# Task item
If a line below contains "real", count it; then state how many such lines there are, and nothing else.

Saved entries:

lemma A_Mf_mult_append_vec_upper:
  fixes z w :: "real vec"
  assumes z: "z \<in> carrier_vec (n*m)" and w: "w \<in> carrier_vec (p*n)" and i: "i < n*m"
  shows "(A_Mf n m p A B c *\<^sub>v (z @\<^sub>v w)) $ i = (kron (A_r n c) (1\<^sub>m m) *\<^sub>v z) $ i"
proof -
  have zw: "z @\<^sub>v w \<in> carrier_vec (n*m+p*n)" using z w by simp
  have iN: "i < n*m+p*n" using i by simp
  have "(A_Mf n m p A B c *\<^sub>v (z @\<^sub>v w)) $ i = (\<Sum>l<n*m+p*n. A_Mf n m p A B c $$ (i,l) * (z @\<^sub>v w) $ l)"
    by (rule index_mult_mat_vec_lessThan[OF A_Mf_carrier_mat zw iN])
  also have "\<dots> = (\<Sum>l<n*m. A_Mf n m p A B c $$ (i,l) * (z @\<^sub>v w) $ l) + (\<Sum>l<p*n. A_Mf n m p A B c $$ (i,n*m+l) * (z @\<^sub>v w) $ (n*m+l))"
    by (rule sum_lessThan_add_split)
  also have "(\<Sum>l<p*n. A_Mf n m p A B c $$ (i,n*m+l) * (z @\<^sub>v w) $ (n*m+l)) = 0"
    using i kron_A_r_carrier_mat[of n c m] A_c_carrier_mat[of n p A] unfolding A_Mf_def
    by (intro sum.neutral) (auto simp: mult.commute[of m n])
  also have "(\<Sum>l<n*m. A_Mf n m p A B c $$ (i,l) * (z @\<^sub>v w) $ l) = (\<Sum>l<n*m. kron (A_r n c) (1\<^sub>m m) $$ (i,l) * z $ l)"
    using i z w kron_A_r_carrier_mat[of n c m] A_c_carrier_mat[of n p A] unfolding A_Mf_def
    by (intro sum.cong refl) auto
  also have "\<dots> = (kron (A_r n c) (1\<^sub>m m) *\<^sub>v z) $ i" by (rule index_mult_mat_vec_lessThan[OF kron_A_r_carrier_mat z i, symmetric])
  finally show ?thesis by simp
qed

lemma A_Mf_mult_append_vec_lower:
  fixes z w :: "real vec"
  assumes z: "z \<in> carrier_vec (n*m)" and w: "w \<in> carrier_vec (p*n)" and i: "i < p*n"
  shows "(A_Mf n m p A B c *\<^sub>v (z @\<^sub>v w)) $ (n*m+i) = (L_B n m p B *\<^sub>v z) $ i + (A_c n p A *\<^sub>v w) $ i"
proof -
  have zw: "z @\<^sub>v w \<in> carrier_vec (n*m+p*n)" using z w by simp
  have iN: "n*m+i < n*m+p*n" using i by simp
  have z': "z \<in> carrier_vec (m*n)" using z by (simp add: mult.commute)
  have "(A_Mf n m p A B c *\<^sub>v (z @\<^sub>v w)) $ (n*m+i) = (\<Sum>l<n*m+p*n. A_Mf n m p A B c $$ (n*m+i,l) * (z @\<^sub>v w) $ l)"
    by (rule index_mult_mat_vec_lessThan[OF A_Mf_carrier_mat zw iN])
  also have "\<dots> = (\<Sum>l<n*m. A_Mf n m p A B c $$ (n*m+i,l) * (z @\<^sub>v w) $ l) + (\<Sum>l<p*n. A_Mf n m p A B c $$ (n*m+i,n*m+l) * (z @\<^sub>v w) $ (n*m+l))"
    by (rule sum_lessThan_add_split)
  also have "(\<Sum>l<p*n. A_Mf n m p A B c $$ (n*m+i,n*m+l) * (z @\<^sub>v w) $ (n*m+l)) = (\<Sum>l<p*n. A_c n p A $$ (i,l) * w $ l)"
    using i z w kron_A_r_carrier_mat[of n c m] A_c_carrier_mat[of n p A] unfolding A_Mf_def
    by (intro sum.cong refl) auto
  also have "\<dots> = (A_c n p A *\<^sub>v w) $ i" by (rule index_mult_mat_vec_lessThan[OF A_c_carrier_mat w i, symmetric])
  also have "(\<Sum>l<n*m. A_Mf n m p A B c $$ (n*m+i,l) * (z @\<^sub>v w) $ l) = (\<Sum>l<m*n. L_B n m p B $$ (i,l) * z $ l)"
    using i z w kron_A_r_carrier_mat[of n c m] A_c_carrier_mat[of n p A] L_B_carrier_mat[of n m p B] unfolding A_Mf_def
    by (auto simp: mult.commute[of m n] intro!: sum.cong)
  also have "\<dots> = (L_B n m p B *\<^sub>v z) $ i" by (rule index_mult_mat_vec_lessThan[OF L_B_carrier_mat z' i, symmetric])
  finally show ?thesis by simp
qed

lemma L_B_mult_vec_block:
  fixes z :: "real vec"
  assumes z: "z \<in> carrier_vec (m*n)" and b: "b < n" and r: "r < p"
  shows "(L_B n m p B *\<^sub>v z) $ (b*p+r) = (if b < n-1 then 0 else (\<Sum>j<n. \<Sum>t<m. B (n-j) $$ (r,t) * z $ (j*m+t)))"
proof -
  have i: "b*p+r < p*n" using block_index_less[OF b r] by (simp add: mult.commute)
  have "(L_B n m p B *\<^sub>v z) $ (b*p+r) = (\<Sum>l<m*n. L_B n m p B $$ (b*p+r, l) * z $ l)"
    by (rule index_mult_mat_vec_lessThan[OF L_B_carrier_mat z i])
  also have "\<dots> = (\<Sum>l<n*m. L_B n m p B $$ (b*p+r, l) * z $ l)" by (simp add: mult.commute)
  also have "\<dots> = (\<Sum>j<n. \<Sum>t<m. L_B n m p B $$ (b*p+r, j*m+t) * z $ (j*m+t))" by (rule sum_lessThan_mult_blocks)
  also have "\<dots> = (\<Sum>j<n. \<Sum>t<m. (if b < n-1 then 0 else B (n-j) $$ (r,t)) * z $ (j*m+t))"
  proof (intro sum.cong refl)
    fix j t assume j: "j \<in> {..<n}" and t: "t \<in> {..<m}"
    have jj: "j*m+t < m*n" using block_index_less[of j n t m] j t by (simp add: mult.commute)
    have e: "\<not> b < n - 1 \<Longrightarrow> b*p + r - (n-1)*p = r" using b by (subgoal_tac "b = n-1") auto
    have e3: "(b*p + r < (n-1)*p) = (b < n-1)" using block_index_less_iff[of r p b "n-1"] r by simp
    show "L_B n m p B $$ (b*p+r, j*m+t) * z $ (j*m+t) = (if b < n-1 then 0 else B (n-j) $$ (r,t)) * z $ (j*m+t)"
      using i jj e e3 t unfolding L_B_def by simp
  qed
  also have "\<dots> = (if b < n-1 then 0 else (\<Sum>j<n. \<Sum>t<m. B (n-j) $$ (r,t) * z $ (j*m+t)))" by simp
  finally show ?thesis .
qed

lemma A_c_mult_vec_block:
  fixes w :: "real vec"
  assumes w: "w \<in> carrier_vec (p*n)" and b: "b < n" and r: "r < p"
  shows "(A_c n p A *\<^sub>v w) $ (b*p+r) = (if b < n-1 then w $ ((b+1)*p+r) else - (\<Sum>j<n. \<Sum>r'<p. A (n-j) $$ (r,r') * w $ (j*p+r')))"
proof -
  have i: "b*p+r < p*n" using block_index_less[OF b r] by (simp add: mult.commute)
  have "(A_c n p A *\<^sub>v w) $ (b*p+r) = (\<Sum>l<p*n. A_c n p A $$ (b*p+r, l) * w $ l)"
    by (rule index_mult_mat_vec_lessThan[OF A_c_carrier_mat w i])
  also have "\<dots> = (\<Sum>l<n*p. A_c n p A $$ (b*p+r, l) * w $ l)" by (simp add: mult.commute)
  also have "\<dots> = (\<Sum>j<n. \<Sum>r'<p. A_c n p A $$ (b*p+r, j*p+r') * w $ (j*p+r'))" by (rule sum_lessThan_mult_blocks)
  also have "\<dots> = (\<Sum>j<n. \<Sum>r'<p. (if b < n-1 then (if j = b+1 \<and> r' = r then 1 else 0) else - A (n-j) $$ (r,r')) * w $ (j*p+r'))"
  proof (intro sum.cong refl)
    fix j r' assume j: "j \<in> {..<n}" and r': "r' \<in> {..<p}"
    have jj: "j*p+r' < p*n" using block_index_less[of j n r' p] j r' by (simp add: mult.commute)
    have e: "\<not> b < n - 1 \<Longrightarrow> b*p + r - (n-1)*p = r" using b by (subgoal_tac "b = n-1") auto
    have e2: "(j*p+r' = b*p+r+p) = (j = b+1 \<and> r' = r)"
      using block_index_eq_iff[of r' p r j "b+1"] r r' by (simp add: ac_simps)
    have e3: "(b*p + r < (n-1)*p) = (b < n-1)" using block_index_less_iff[of r p b "n-1"] r by simp
    show "A_c n p A $$ (b*p+r, j*p+r') * w $ (j*p+r') = (if b < n-1 then (if j = b+1 \<and> r' = r then 1 else 0) else - A (n-j) $$ (r,r')) * w $ (j*p+r')"
      using i jj e e2 e3 r' unfolding A_c_def by simp
  qed
  also have "\<dots> = (if b < n-1 then w $ ((b+1)*p+r) else - (\<Sum>j<n. \<Sum>r'<p. A (n-j) $$ (r,r') * w $ (j*p+r')))"
  proof (cases "b < n-1")
    case True
    have "b+1 < n" using True by simp
    then show ?thesis using True sum_lessThan_delta_mult2[of "b+1" n r p "\<lambda>j r'. w $ (j*p+r')"] r by simp
  next
    case False
    then show ?thesis by (simp add: sum_negf)
  qed
  finally show ?thesis .
qed

lemma B_Mf_mult_vec_upper:
  fixes u :: "real vec"
  assumes u: "u \<in> carrier_vec m" and i: "i < n*m"
  shows "(B_Mf n m p *\<^sub>v u) $ i = (kron (B_r n) (1\<^sub>m m) *\<^sub>v u) $ i"
proof -
  have iN: "i < n*m+p*n" using i by simp
  have "(B_Mf n m p *\<^sub>v u) $ i = (\<Sum>l<m. B_Mf n m p $$ (i,l) * u $ l)" by (rule index_mult_mat_vec_lessThan[OF B_Mf_carrier_mat u iN])
  also have "\<dots> = (\<Sum>l<m. kron (B_r n) (1\<^sub>m m) $$ (i,l) * u $ l)"
    using i kron_B_r_carrier_mat[of n m] unfolding B_Mf_def append_rows_def by (intro sum.cong refl) auto
  also have "\<dots> = (kron (B_r n) (1\<^sub>m m) *\<^sub>v u) $ i" by (rule index_mult_mat_vec_lessThan[OF kron_B_r_carrier_mat u i, symmetric])
  finally show ?thesis .
qed

lemma B_Mf_mult_vec_lower:
  fixes u :: "real vec"
  assumes u: "u \<in> carrier_vec m" and i: "i < p*n"
  shows "(B_Mf n m p *\<^sub>v u) $ (n*m+i) = 0"
proof -
  have iN: "n*m+i < n*m+p*n" using i by simp
  have "(B_Mf n m p *\<^sub>v u) $ (n*m+i) = (\<Sum>l<m. B_Mf n m p $$ (n*m+i,l) * u $ l)" by (rule index_mult_mat_vec_lessThan[OF B_Mf_carrier_mat u iN])
  also have "\<dots> = 0"
    using i kron_B_r_carrier_mat[of n m] unfolding B_Mf_def append_rows_def by (intro sum.neutral) auto
  finally show ?thesis .
qed

lemma G_Mf_carrier_mat: "G_Mf n m p \<in> carrier_mat (n*m+p*n) (p*n)"
  unfolding G_Mf_def using kron_B_r_carrier_mat[of n p] C_M_carrier_mat[of n p]
  by (auto simp: append_rows_def mult.commute[of m n])

lemma G_Mf_mult_vec_upper:
  fixes v :: "real vec"
  assumes v: "v \<in> carrier_vec (p*n)" and i: "i < n*m"
  shows "(G_Mf n m p *\<^sub>v v) $ i = 0"
proof -
  have iN: "i < n*m+p*n" using i by simp
  have "(G_Mf n m p *\<^sub>v v) $ i = (\<Sum>l<p*n. G_Mf n m p $$ (i,l) * v $ l)" by (rule index_mult_mat_vec_lessThan[OF G_Mf_carrier_mat v iN])
  also have "\<dots> = 0"
    using i kron_B_r_carrier_mat[of n p] C_M_carrier_mat[of n p] unfolding G_Mf_def append_rows_def
    by (intro sum.neutral) (auto simp: mult.commute[of m n])
  finally show ?thesis .
qed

# Output for this task
7